Task description: Please restate the data exactly, from the first line to the last.

(Stored entries)
lemma card_roots_of_power_le:
  fixes t :: "'a::{finite,field}"
  assumes "m \<ge> 1"
  shows "card {w. w ^ m = t} \<le> m"
proof -
  have "{w. w ^ m = t} = {w. poly (monom 1 m + [:-t:]) w = 0}"
    by (simp add: poly_monom)
  moreover have "monom 1 m + [:-t:] \<noteq> 0"
    using degree_monom_plus_const[OF assms, of t] assms by auto
  ultimately show ?thesis
    using card_poly_roots_bound degree_monom_plus_const(1)[OF assms, of t] by metis
qed

lemma prod_diff_roots_of_power:
  fixes t :: "'a::{finite,field}"
  assumes "m \<ge> 1" "card {w. w ^ m = t} = m"
  shows "(\<Prod>w\<in>{w. w ^ m = t}. d - w) = d ^ m - t"
proof -
  have "(\<Prod>w\<in>{w. w ^ m = t}. [:-w, 1:]) = monom 1 m + [:-t:]"
    using degree_monom_plus_const[OF assms(1), of t] assms(2)
    by (intro prod_linear_factors_eq_monic) (simp_all add: poly_monom)
  from arg_cong[OF this, of "\<lambda>p. poly p d"] show ?thesis
    by (simp add: poly_prod poly_monom)
qed

lemma prod_mult_diff_of_prod_diff:
  fixes A :: "'a::field set"
  assumes "card A = m" "m \<ge> 1" "\<And>d. (\<Prod>a\<in>A. d - a) = d ^ m - t"
  shows "(\<Prod>a\<in>A. c * a - e) = (-1) ^ m * (e ^ m - t * c ^ m)"
proof (cases "c = 0")
  case True
  then show ?thesis
    using assms(1,2) power_minus[of e m] by (simp add: power_0_left)
next
  case False
  then have "\<And>a. c * a - e = (-c) * (e / c - a)"
    by (simp add: algebra_simps)
  then have "(\<Prod>a\<in>A. c * a - e) = (-c) ^ m * (\<Prod>a\<in>A. e / c - a)"
    using assms(1) by (simp only: prod.distrib prod_constant)
  also have "\<dots> = (-c) ^ m * ((e / c) ^ m - t)"
    by (simp only: assms(3))
  also have "\<dots> = (-1) ^ m * ((c * (e / c)) ^ m - t * c ^ m)"
    by (simp only: power_minus[of c m] power_mult_distrib) (simp add: algebra_simps)
  also have "c * (e / c) = e" using False by simp
  finally show ?thesis .
qed

definition euler_exp :: "'a::finite itself \<Rightarrow> nat" where
  "euler_exp _ = (CARD('a) - 1) div 2"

Answer to the exercise:
lemma card_roots_of_power_le:
  fixes t :: "'a::{finite,field}"
  assumes "m \<ge> 1"
  shows "card {w. w ^ m = t} \<le> m"
proof -
  have "{w. w ^ m = t} = {w. poly (monom 1 m + [:-t:]) w = 0}"
    by (simp add: poly_monom)
  moreover have "monom 1 m + [:-t:] \<noteq> 0"
    using degree_monom_plus_const[OF assms, of t] assms by auto
  ultimately show ?thesis
    using card_poly_roots_bound degree_monom_plus_const(1)[OF assms, of t] by metis
qed

lemma prod_diff_roots_of_power:
  fixes t :: "'a::{finite,field}"
  assumes "m \<ge> 1" "card {w. w ^ m = t} = m"
  shows "(\<Prod>w\<in>{w. w ^ m = t}. d - w) = d ^ m - t"
proof -
  have "(\<Prod>w\<in>{w. w ^ m = t}. [:-w, 1:]) = monom 1 m + [:-t:]"
    using degree_monom_plus_const[OF assms(1), of t] assms(2)
    by (intro prod_linear_factors_eq_monic) (simp_all add: poly_monom)
  from arg_cong[OF this, of "\<lambda>p. poly p d"] show ?thesis
    by (simp add: poly_prod poly_monom)
qed

lemma prod_mult_diff_of_prod_diff:
  fixes A :: "'a::field set"
  assumes "card A = m" "m \<ge> 1" "\<And>d. (\<Prod>a\<in>A. d - a) = d ^ m - t"
  shows "(\<Prod>a\<in>A. c * a - e) = (-1) ^ m * (e ^ m - t * c ^ m)"
proof (cases "c = 0")
  case True
  then show ?thesis
    using assms(1,2) power_minus[of e m] by (simp add: power_0_left)
next
  case False
  then have "\<And>a. c * a - e = (-c) * (e / c - a)"
    by (simp add: algebra_simps)
  then have "(\<Prod>a\<in>A. c * a - e) = (-c) ^ m * (\<Prod>a\<in>A. e / c - a)"
    using assms(1) by (simp only: prod.distrib prod_constant)
  also have "\<dots> = (-c) ^ m * ((e / c) ^ m - t)"
    by (simp only: assms(3))
  also have "\<dots> = (-1) ^ m * ((c * (e / c)) ^ m - t * c ^ m)"
    by (simp only: power_minus[of c m] power_mult_distrib) (simp add: algebra_simps)
  also have "c * (e / c) = e" using False by simp
  finally show ?thesis .
qed

definition euler_exp :: "'a::finite itself \<Rightarrow> nat" where
  "euler_exp _ = (CARD('a) - 1) div 2"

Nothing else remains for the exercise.